▶ _DATA SHOWN_:
text \<open>
  A sequence in \<open>F\<close> is maximizing for the distance from \<open>x\<close> exactly when it eventually
  enters every \<open>Qd F x \<delta>\<close>, \<open>\<delta> > 0\<close>.
  Strong remotality is the upper half of Hausdorff convergence of \<open>Qd F x (1/n)\<close> to \<open>Q F x\<close>,
  the lower half being automatic since \<open>Q F x \<subseteq> Qd F x \<delta>\<close>; for a compact limit, upper
  Hausdorff and upper Vietoris convergence coincide.
  If \<open>F\<close> is sup-compact, a maximizing sequence staying \<open>\<epsilon>\<close> away from \<open>Q F x\<close> would have a
  subsequence converging into \<open>Q F x\<close>, so \<open>F\<close> is strongly remotal; then finitely many
  \<open>\<epsilon>\<close>-balls covering the compact set \<open>Q F x\<close> eventually bound \<open>\<alpha>(Qd F x (1/n))\<close> by \<open>2\<epsilon>\<close>.
  Conversely, \<open>\<alpha>(Qd F x (1/n)) \<rightarrow> 0\<close> makes every maximizing sequence totally bounded, so it
  has a convergent subsequence because \<open>X\<close> is complete.
\<close>

lemma ball_sum_eq_UN_cball:
  fixes A :: "'a::real_normed_vector set"
  assumes "e > 0"
  shows "ball_sum A e = (\<Union>a\<in>A. cball a e)"
proof
  show "ball_sum A e \<subseteq> (\<Union>a\<in>A. cball a e)"
    using assms by (auto simp: ball_sum_def dist_norm)
next
  show "(\<Union>a\<in>A. cball a e) \<subseteq> ball_sum A e"
  proof
    fix y assume "y \<in> (\<Union>a\<in>A. cball a e)"
    then obtain a where a: "a \<in> A" "norm (a - y) \<le> e" by (auto simp: dist_norm)
    have "y = a + e *\<^sub>R ((1 / e) *\<^sub>R (y - a))" using assms by simp
    moreover have "norm ((1 / e) *\<^sub>R (y - a)) \<le> 1"
      using assms a by (simp add: norm_minus_commute divide_le_eq)
    ultimately show "y \<in> ball_sum A e" unfolding ball_sum_def using a by blast
  qed
qed

lemma subset_ball_sum: "0 \<le> e \<Longrightarrow> A \<subseteq> ball_sum A e"
  unfolding ball_sum_def by force

lemma ball_sum_mono: "A \<subseteq> B \<Longrightarrow> ball_sum A e \<subseteq> ball_sum B e"
  unfolding ball_sum_def by blast

lemma ball_sum_mono_radius:
  assumes "0 < d" "d \<le> e"
  shows "ball_sum A d \<subseteq> ball_sum A e"
  using assms by (auto simp: ball_sum_eq_UN_cball)

lemma ball_sum_ball_sum_subset:
  assumes "0 < d" "0 < e"
  shows "ball_sum (ball_sum A d) e \<subseteq> ball_sum A (d + e)"
proof
  fix z assume "z \<in> ball_sum (ball_sum A d) e"
  then obtain a y where "a \<in> A" "dist a y \<le> d" "dist y z \<le> e"
    using assms by (auto simp: ball_sum_eq_UN_cball)
  then have "dist a z \<le> d + e" using dist_triangle[of a z y] by linarith
  then show "z \<in> ball_sum A (d + e)"
    using assms \<open>a \<in> A\<close> by (auto simp: ball_sum_eq_UN_cball)
qed

lemma compact_imp_finite_ball_sum_cover:
  assumes "compact K" "e > 0"
  obtains E where "finite E" "K \<subseteq> ball_sum E e"
proof -
  obtain E where "finite E" "K \<subseteq> (\<Union>p\<in>E. ball p e)"
    using assms unfolding compact_eq_totally_bounded by blast
  then show ?thesis
    using that assms(2) by (force simp: ball_sum_eq_UN_cball)
qed

lemma kur_alpha_le:
  assumes "e > 0" "finite E" "A \<subseteq> ball_sum E e"
  shows "kur_alpha A \<le> e"
  unfolding kur_alpha_def by (rule cInf_lower) (use assms in \<open>auto intro: bdd_belowI[of _ 0]\<close>)

lemma bounded_imp_finite_ball_sum_cover:
  fixes A :: "'a::real_normed_vector set"
  assumes "bounded A"
  obtains e E where "e > 0" "finite E" "A \<subseteq> ball_sum E e"
proof -
  obtain B where "B > 0" "\<forall>y\<in>A. norm y \<le> B" using assms bounded_pos by blast
  then have "A \<subseteq> ball_sum {0} B" by (auto simp: ball_sum_eq_UN_cball)
  then show ?thesis using that \<open>B > 0\<close> by blast
qed

lemma kur_alpha_nonneg:
  assumes "bounded A" \<comment> \<open>otherwise \<open>kur_alpha A = Inf {}\<close>, which is unspecified\<close>
  shows "0 \<le> kur_alpha A"
proof -
  obtain e E where "e > 0" "finite E" "A \<subseteq> ball_sum E e"
    using bounded_imp_finite_ball_sum_cover[OF assms] .
  then show ?thesis
    unfolding kur_alpha_def by (intro cInf_greatest) auto
qed

lemma finite_ball_sum_cover_if_kur_alpha_less:
  assumes "bounded A" "kur_alpha A < e"
  obtains E where "finite E" "A \<subseteq> ball_sum E e"
proof -
  obtain e0 E0 where "e0 > 0" "finite E0" "A \<subseteq> ball_sum E0 e0"
    using bounded_imp_finite_ball_sum_cover[OF assms(1)] .
  then have "{e. e > 0 \<and> (\<exists>E. finite E \<and> A \<subseteq> ball_sum E e)} \<noteq> {}" by blast
  from cInf_lessD[OF this assms(2)[unfolded kur_alpha_def]]
  obtain e' E where "0 < e'" "e' < e" "finite E" "A \<subseteq> ball_sum E e'" by blast
  then show ?thesis using that ball_sum_mono_radius[of e' e E] by auto
qed

lemma convergent_subseq_if_eventually_finitely_covered:
  fixes y :: "nat \<Rightarrow> 'a::banach"
  assumes cover: "\<And>e. e > 0 \<Longrightarrow> \<exists>E. finite E \<and> (\<forall>\<^sub>F m in sequentially. y m \<in> ball_sum E e)"
  obtains r l where "strict_mono r" "(y \<circ> r) \<longlonglongrightarrow> l"
proof -
  have "\<exists>k. finite k \<and> closure (range y) \<subseteq> (\<Union>p\<in>k. ball p e)" if "e > 0" for e :: real
  proof -
    obtain E N where E: "finite E" and N: "\<And>m. m \<ge> N \<Longrightarrow> y m \<in> ball_sum E (e / 2)"
      using cover[of "e / 2"] \<open>e > 0\<close> unfolding eventually_sequentially by auto
    define k where "k = E \<union> y ` {..<N}"
    have "range y \<subseteq> (\<Union>p\<in>k. cball p (e / 2))"
    proof
      fix z assume "z \<in> range y"
      then obtain m where z: "z = y m" by blast
      show "z \<in> (\<Union>p\<in>k. cball p (e / 2))"
      proof (cases "m < N")
        case True
        then show ?thesis using \<open>e > 0\<close> unfolding k_def z by force
      next
        case False
        then show ?thesis using N[of m] \<open>e > 0\<close> by (auto simp: k_def z ball_sum_eq_UN_cball)
      qed
    qed
    moreover have "finite k" using E by (simp add: k_def)
    ultimately have "closure (range y) \<subseteq> (\<Union>p\<in>k. cball p (e / 2))"
      by (intro closure_minimal closed_UN) auto
    also have "\<dots> \<subseteq> (\<Union>p\<in>k. ball p e)" using \<open>e > 0\<close> by auto
    finally show ?thesis using \<open>finite k\<close> by blast
  qed
  then have "compact (closure (range y))"
    unfolding compact_eq_totally_bounded by (simp add: complete_eq_closed)
  then show ?thesis
    using that closure_subset[of "range y"]
    by (metis compact_imp_seq_compact range_subsetD seq_compactE)
qed

lemma norm_diff_le_farthest_rad:
  assumes "bounded F" "y \<in> F"
  shows "norm (x - y) \<le> farthest_rad F x"
proof -
  obtain B where "\<forall>y\<in>F. norm y \<le> B" using assms(1) bounded_iff by blast
  then have "\<forall>y\<in>F. norm (x - y) \<le> norm x + B"
    by (meson add_left_mono norm_triangle_ineq4 order_trans)
  then show ?thesis
    unfolding farthest_rad_def using assms(2) by (intro cSUP_upper) (auto intro: bdd_aboveI2)
qed

lemma Qd_subset: "Qd F x d \<subseteq> F"
  by (auto simp: Qd_def)

lemma Qd_mono: "d \<le> d' \<Longrightarrow> Qd F x d \<subseteq> Qd F x d'"
  by (auto simp: Qd_def)

lemma Q_subset_Qd: "0 \<le> d \<Longrightarrow> Q F x \<subseteq> Qd F x d"
  unfolding Q_def by (rule Qd_mono)

lemma mem_Q_iff: "bounded F \<Longrightarrow> y \<in> Q F x \<longleftrightarrow> y \<in> F \<and> norm (x - y) = farthest_rad F x"
  unfolding Q_def Qd_def using norm_diff_le_farthest_rad[of F y x] by force

lemma eventually_Qd_inverse_subset:
  assumes "d > 0"
  shows "\<forall>\<^sub>F n in sequentially. Qd F x (1 / real n) \<subseteq> Qd F x d"
  using order_tendstoD(2)[OF lim_1_over_n assms] by (rule eventually_mono) (simp add: Qd_mono)

lemma eventually_in_Qd_if_maximizing:
  assumes "\<And>m. y m \<in> F" "(\<lambda>m. norm (x - y m)) \<longlonglongrightarrow> farthest_rad F x" "d > 0"
  shows "\<forall>\<^sub>F m in sequentially. y m \<in> Qd F x d"
  using order_tendstoD(1)[OF assms(2), of "farthest_rad F x - d"] assms(3)
  by (auto elim!: eventually_mono simp: Qd_def assms(1))

lemma maximizing_if_in_Qd:
  assumes "bounded F" "d \<longlonglongrightarrow> 0" "\<And>n. y n \<in> Qd F x (d n)"
  shows "(\<lambda>n. norm (x - y n)) \<longlonglongrightarrow> farthest_rad F x"
proof (rule tendsto_sandwich[of "\<lambda>n. farthest_rad F x - d n" _ _ "\<lambda>n. farthest_rad F x"])
  show "\<forall>\<^sub>F n in sequentially. farthest_rad F x - d n \<le> norm (x - y n)"
    using assms(3) by (simp add: Qd_def)
  show "\<forall>\<^sub>F n in sequentially. norm (x - y n) \<le> farthest_rad F x"
    using assms(1,3) Qd_subset by (blast intro: always_eventually norm_diff_le_farthest_rad)
  show "(\<lambda>n. farthest_rad F x - d n) \<longlonglongrightarrow> farthest_rad F x"
    using tendsto_diff[OF tendsto_const assms(2)] by simp
qed simp

lemma limit_of_maximizing_in_Q:
  assumes "bounded F" "(\<lambda>n. norm (x - y n)) \<longlonglongrightarrow> farthest_rad F x" "y \<longlonglongrightarrow> l" "l \<in> F"
  shows "l \<in> Q F x"
proof -
  have "(\<lambda>n. norm (x - y n)) \<longlonglongrightarrow> norm (x - l)" by (intro tendsto_intros assms(3))
  then have "norm (x - l) = farthest_rad F x" using assms(2) LIMSEQ_unique by blast
  then show ?thesis using assms(1,4) by (simp add: mem_Q_iff)
qed

lemma strongly_remotal_iff_eventually:
  "strongly_remotal F x \<longleftrightarrow>
     (\<forall>e>0. \<forall>\<^sub>F n in sequentially. Qd F x (1 / real n) \<subseteq> ball_sum (Q F x) e)"
proof (intro iffI allI impI)
  fix e :: real assume "strongly_remotal F x" "e > 0"
  then obtain d where "d > 0" "Qd F x d \<subseteq> ball_sum (Q F x) e"
    unfolding strongly_remotal_def by blast
  then show "\<forall>\<^sub>F n in sequentially. Qd F x (1 / real n) \<subseteq> ball_sum (Q F x) e"
    using eventually_Qd_inverse_subset[of d F x] by (auto elim!: eventually_mono)
next
  assume ev: "\<forall>e>0. \<forall>\<^sub>F n in sequentially. Qd F x (1 / real n) \<subseteq> ball_sum (Q F x) e"
  show "strongly_remotal F x" unfolding strongly_remotal_def
  proof (intro allI impI)
    fix e :: real assume "e > 0"
    then obtain N where N: "\<And>n. n \<ge> N \<Longrightarrow> Qd F x (1 / real n) \<subseteq> ball_sum (Q F x) e"
      using ev unfolding eventually_sequentially by blast
    have "Qd F x (1 / real (Suc N)) \<subseteq> ball_sum (Q F x) e" using N[of "Suc N"] by simp
    moreover have "(0::real) < 1 / real (Suc N)" by simp
    ultimately show "\<exists>d>0. Qd F x d \<subseteq> ball_sum (Q F x) e" by blast
  qed
qed

lemma hausdorff_conv_Qd_iff_strongly_remotal:
  "hausdorff_conv (\<lambda>n. Qd F x (1 / real n)) (Q F x) \<longleftrightarrow> strongly_remotal F x"
proof -
  have "Q F x \<subseteq> ball_sum (Qd F x (1 / real n)) e" if "e > 0" for n e
  proof -
    have "Q F x \<subseteq> Qd F x (1 / real n)" by (simp add: Q_subset_Qd)
    also have "\<dots> \<subseteq> ball_sum (Qd F x (1 / real n)) e" using that by (simp add: subset_ball_sum)
    finally show ?thesis .
  qed
  then show ?thesis
    unfolding hausdorff_conv_def strongly_remotal_iff_eventually by simp
qed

▶ _WORK ITEM_:
Repeat only what lies between the first line of the data and the line containing "enters every \<open>Qd", both of those lines included, exactly as it stands.

▶ _TASK RESPONSE_:
text \<open>
  A sequence in \<open>F\<close> is maximizing for the distance from \<open>x\<close> exactly when it eventually
  enters every \<open>Qd F x \<delta>\<close>, \<open>\<delta> > 0\<close>.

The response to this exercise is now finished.